Artown is a culture festival, hosted in Reno, Nevada on a yearly basis which started in 1996. During the years it has hosted many famous artists like Mikhail Baryshnikov, Marcel Marceau and others.

== History ==
In 1996, a group of business and arts executives in the Reno, Nevada (United States) Arts and Culture Commission developed a plan to use the arts to improve the city's self-image and give locals a reason to visit downtown. The idea was to highlight the community's cultural depth, ignite civic pride, and channel the economic and cultural rebirth of the city. Later that year, over three weeks in July, the first Uptown Downtown Artown festival took place. More than 30,000 people attended.

In the years since, Artown has grown into what the National Endowment for the Arts calls one of the most comprehensive festivals in the country, with more than 100 organizations and businesses offering about 350 visual, performing, and humanities events in 100 locations citywide, during the entire month of July. Approximately 350,000 people experience the festival annually.

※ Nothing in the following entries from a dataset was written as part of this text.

(* For all $P,Q\in\Gamma_n$, $$D_{f_8}(P\|Q)\le \tfrac13 D_{f_1}(P\|Q)\le \tfrac14 D_{f_3}(P\|Q)\le \tfrac13 D_{f_2}(P\|Q)\le D_{f_6}(P\|Q).$$ Equivalently, $$\tfrac14\Delta-\tfrac13 M_{SH}\le \tfrac13\big(h-\tfrac12 M_{SG}\big)\le \tfrac14\big(h-\tfrac13 M_{SH}\big)\le\tfrac13\big(h-\tfrac14\Delta\big)\le \tfrac12 M_{SG}-\tfrac13 M_{SH},$$ all measures evaluated at $(P\|Q)$.
   Context: $\Gamma_n=\{P=(p_1,\dots,p_n): p_i>0,\ \sum_i p_i=1\}$, $n\ge2$. For $f:(0,\infty)\to\mathbb{R}$, $D_f(P\|Q)=\sum_{i=1}^n q_i f(p_i/q_i)$. For $x>0$ let $A=\frac{x+1}{2}$, $G=\sqrt x$, $H=\frac{2x}{x+1}$, $S=\sqrt{\frac{x^2+1}{2}}$ (means of $x$ and $1$), and define $f_1(x)=A-\frac{G+S}{2}$, $f_2(x)=\frac{A+H}{2}-G$, $f_3(x)=\frac13\big[3A+H-S-3G\big]$, $f_6(x)=\frac16\big[S+2H-3G\big]$, $f_8(x)=\frac16\big[3A-2S-H\big]$. The measures: $M_{SG}=\sum_i\big(\sqrt{(p_i^2+q_i^2)/2}-\sqrt{p_iq_i}\big)$, $M_{SH}=\sum_i\big(\sqrt{(p_i^2+q_i^2)/2}-\frac{2p_iq_i}{p_i+q_i}\big)$, $h=\frac12\sum_i(\sqrt{p_i}-\sqrt{q_i})^2$, $\Delta=\sum_i\frac{(p_i-q_i)^2}{p_i+q_i}$. *)

theory Defs
  imports Complex_Main
begin

definition prob_vec :: "nat \<Rightarrow> (nat \<Rightarrow> real) \<Rightarrow> bool" where
  "prob_vec n P \<longleftrightarrow> (\<forall>i<n. P i > 0) \<and> (\<Sum>i<n. P i) = 1"

definition csiszar :: "(real \<Rightarrow> real) \<Rightarrow> nat \<Rightarrow> (nat \<Rightarrow> real) \<Rightarrow> (nat \<Rightarrow> real) \<Rightarrow> real" where
  "csiszar f n P Q = (\<Sum>i<n. Q i * f (P i / Q i))"

definition meanA :: "real \<Rightarrow> real" where "meanA x = (x + 1) / 2"
definition meanG :: "real \<Rightarrow> real" where "meanG x = sqrt x"
definition meanH :: "real \<Rightarrow> real" where "meanH x = 2 * x / (x + 1)"
definition meanS :: "real \<Rightarrow> real" where "meanS x = sqrt ((x\<^sup>2 + 1) / 2)"

definition f1 :: "real \<Rightarrow> real" where "f1 x = meanA x - (meanG x + meanS x) / 2"
definition f2 :: "real \<Rightarrow> real" where "f2 x = (meanA x + meanH x) / 2 - meanG x"
definition f3 :: "real \<Rightarrow> real" where
  "f3 x = (1/3) * (3 * meanA x + meanH x - meanS x - 3 * meanG x)"
definition f6 :: "real \<Rightarrow> real" where
  "f6 x = (1/6) * (meanS x + 2 * meanH x - 3 * meanG x)"
definition f8 :: "real \<Rightarrow> real" where
  "f8 x = (1/6) * (3 * meanA x - 2 * meanS x - meanH x)"

end

theory Submission
  imports Defs
begin

text \<open>Each \<open>f\<^sub>k\<close> is a linear combination of the means \<open>A, G, H, S\<close>, and consecutive terms of
  the chain differ by a positive multiple of \<open>S + H - A - G\<close>. So everything reduces to the
  pointwise inequality \<open>A + G \<le> S + H\<close>: with \<open>x = u\<^sup>2\<close> and denominators cleared, it says
  \<open>p(u)\<^sup>2 \<le> 2 (u\<^sup>4 + 1) (u\<^sup>2 + 1)\<^sup>2\<close> for \<open>p(u) = u\<^sup>4 + 2u\<^sup>3 - 2u\<^sup>2 + 2u + 1\<close>, and the
  difference of the two sides is \<open>(u - 1)\<^sup>4 (u\<^sup>2 - 1)\<^sup>2\<close>. The f-divergence is linear
  in \<open>f\<close> and monotone in \<open>f\<close> on \<open>[0,\<infinity>)\<close>, so the chain carries over to the divergences.\<close>

lemma meanA_meanG_le_meanS_meanH:
  fixes x :: real
  assumes "0 \<le> x"
  shows "meanA x + meanG x \<le> meanS x + meanH x"
proof -
  define u where "u = sqrt x"
  define d where "d = u\<^sup>2 + 1"
  define p where "p = u ^ 4 + 2 * u ^ 3 - 2 * u\<^sup>2 + 2 * u + 1"
  have u_nonneg: "0 \<le> u" and x_eq: "x = u\<^sup>2"
    using assms by (simp_all add: u_def)
  have d_pos: "0 < d"
    by (simp add: d_def add_nonneg_pos)
  have lhs_eq: "meanA x + meanG x - meanH x = p / (2 * d)"
    using u_nonneg d_pos unfolding meanA_def meanG_def meanH_def x_eq p_def d_def
    by (simp add: field_simps power2_eq_square power3_eq_cube power4_eq_xxxx)
  have "2 * (u ^ 4 + 1) * d\<^sup>2 - p\<^sup>2 = (u - 1) ^ 4 * (u\<^sup>2 - 1)\<^sup>2"
    unfolding p_def d_def
    by (simp add: algebra_simps power2_eq_square power3_eq_cube power4_eq_xxxx)
  moreover have "0 \<le> (u - 1) ^ 4 * (u\<^sup>2 - 1)\<^sup>2"
    by simp
  ultimately have "p\<^sup>2 \<le> 2 * (u ^ 4 + 1) * d\<^sup>2"
    by linarith
  then have "(p / (2 * d))\<^sup>2 \<le> (u ^ 4 + 1) / 2"
    using d_pos by (simp add: power_divide field_simps)
  then have "p / (2 * d) \<le> meanS x"
    unfolding meanS_def x_eq by (simp add: real_le_rsqrt flip: power_mult)
  then show ?thesis
    using lhs_eq by linarith
qed

lemma f8_f1_f3_f2_f6_chain:
  fixes x :: real
  assumes "0 \<le> x"
  shows "f8 x \<le> 1/3 * f1 x" "1/3 * f1 x \<le> 1/4 * f3 x"
    "1/4 * f3 x \<le> 1/3 * f2 x" "1/3 * f2 x \<le> f6 x"
  using meanA_meanG_le_meanS_meanH[OF assms]
  unfolding f1_def f2_def f3_def f6_def f8_def by (simp_all add: field_simps)

lemma csiszar_cmult: "csiszar (\<lambda>x. c * f x) n P Q = c * csiszar f n P Q"
  unfolding csiszar_def by (simp add: sum_distrib_left algebra_simps)

lemma csiszar_mono:
  assumes nonneg: "\<And>i. i < n \<Longrightarrow> 0 \<le> P i \<and> 0 \<le> Q i"
    and le: "\<And>x. 0 \<le> x \<Longrightarrow> f x \<le> g x"
  shows "csiszar f n P Q \<le> csiszar g n P Q"
  unfolding csiszar_def
proof (rule sum_mono)
  fix i assume "i \<in> {..<n}"
  then show "Q i * f (P i / Q i) \<le> Q i * g (P i / Q i)"
    using nonneg le by (simp add: mult_left_mono)
qed

lemma csiszar_mono_cmult:
  assumes "\<And>i. i < n \<Longrightarrow> 0 \<le> P i \<and> 0 \<le> Q i"
    and "\<And>x. 0 \<le> x \<Longrightarrow> a * f x \<le> b * g x"
  shows "a * csiszar f n P Q \<le> b * csiszar g n P Q"
  using csiszar_mono[of n P Q "\<lambda>x. a * f x" "\<lambda>x. b * g x"] assms
  by (simp add: csiszar_cmult)

theorem theorem7p1:
  fixes n :: nat and P Q :: "nat \<Rightarrow> real"
  assumes "n \<ge> 2" and "prob_vec n P" and "prob_vec n Q"
  shows "csiszar f8 n P Q \<le> (1/3) * csiszar f1 n P Q
       \<and> (1/3) * csiszar f1 n P Q \<le> (1/4) * csiszar f3 n P Q
       \<and> (1/4) * csiszar f3 n P Q \<le> (1/3) * csiszar f2 n P Q
       \<and> (1/3) * csiszar f2 n P Q \<le> csiszar f6 n P Q"
proof -
  have nonneg: "\<And>i. i < n \<Longrightarrow> 0 \<le> P i \<and> 0 \<le> Q i"
    using assms(2,3) by (auto simp: prob_vec_def less_imp_le)
  show ?thesis
    using csiszar_mono_cmult[OF nonneg, where a = 1 and f = f8 and b = "1/3" and g = f1]
      csiszar_mono_cmult[OF nonneg, where a = "1/3" and f = f1 and b = "1/4" and g = f3]
      csiszar_mono_cmult[OF nonneg, where a = "1/4" and f = f3 and b = "1/3" and g = f2]
      csiszar_mono_cmult[OF nonneg, where a = "1/3" and f = f2 and b = 1 and g = f6]
      f8_f1_f3_f2_f6_chain
    by simp
qed

end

Artown has welcomed such artists as Mikhail Baryshnikov, Marcel Marceau, Jazz at Lincoln Center Orchestra with Wynton Marsalis, Project Bandaloop, the American Ballet Theatre and Harlem Gospel Choir. The festival events include Discover the Arts, a hands-on arts program drawing more than 3,400 children annually; Movies in the Park, an outdoor screening of films; Monday Night Family Series, featuring kid-friendly performances from marionettes to music; and, the World Music Series, bringing musical entertainment from around the globe including David Krakauer's Klezmer Madness, Mariachi Sol de Mexico and San Jose Taiko. Artown incorporates exhibits from area galleries including the Nevada Museum of Art and hosts events such as Artown After Dark.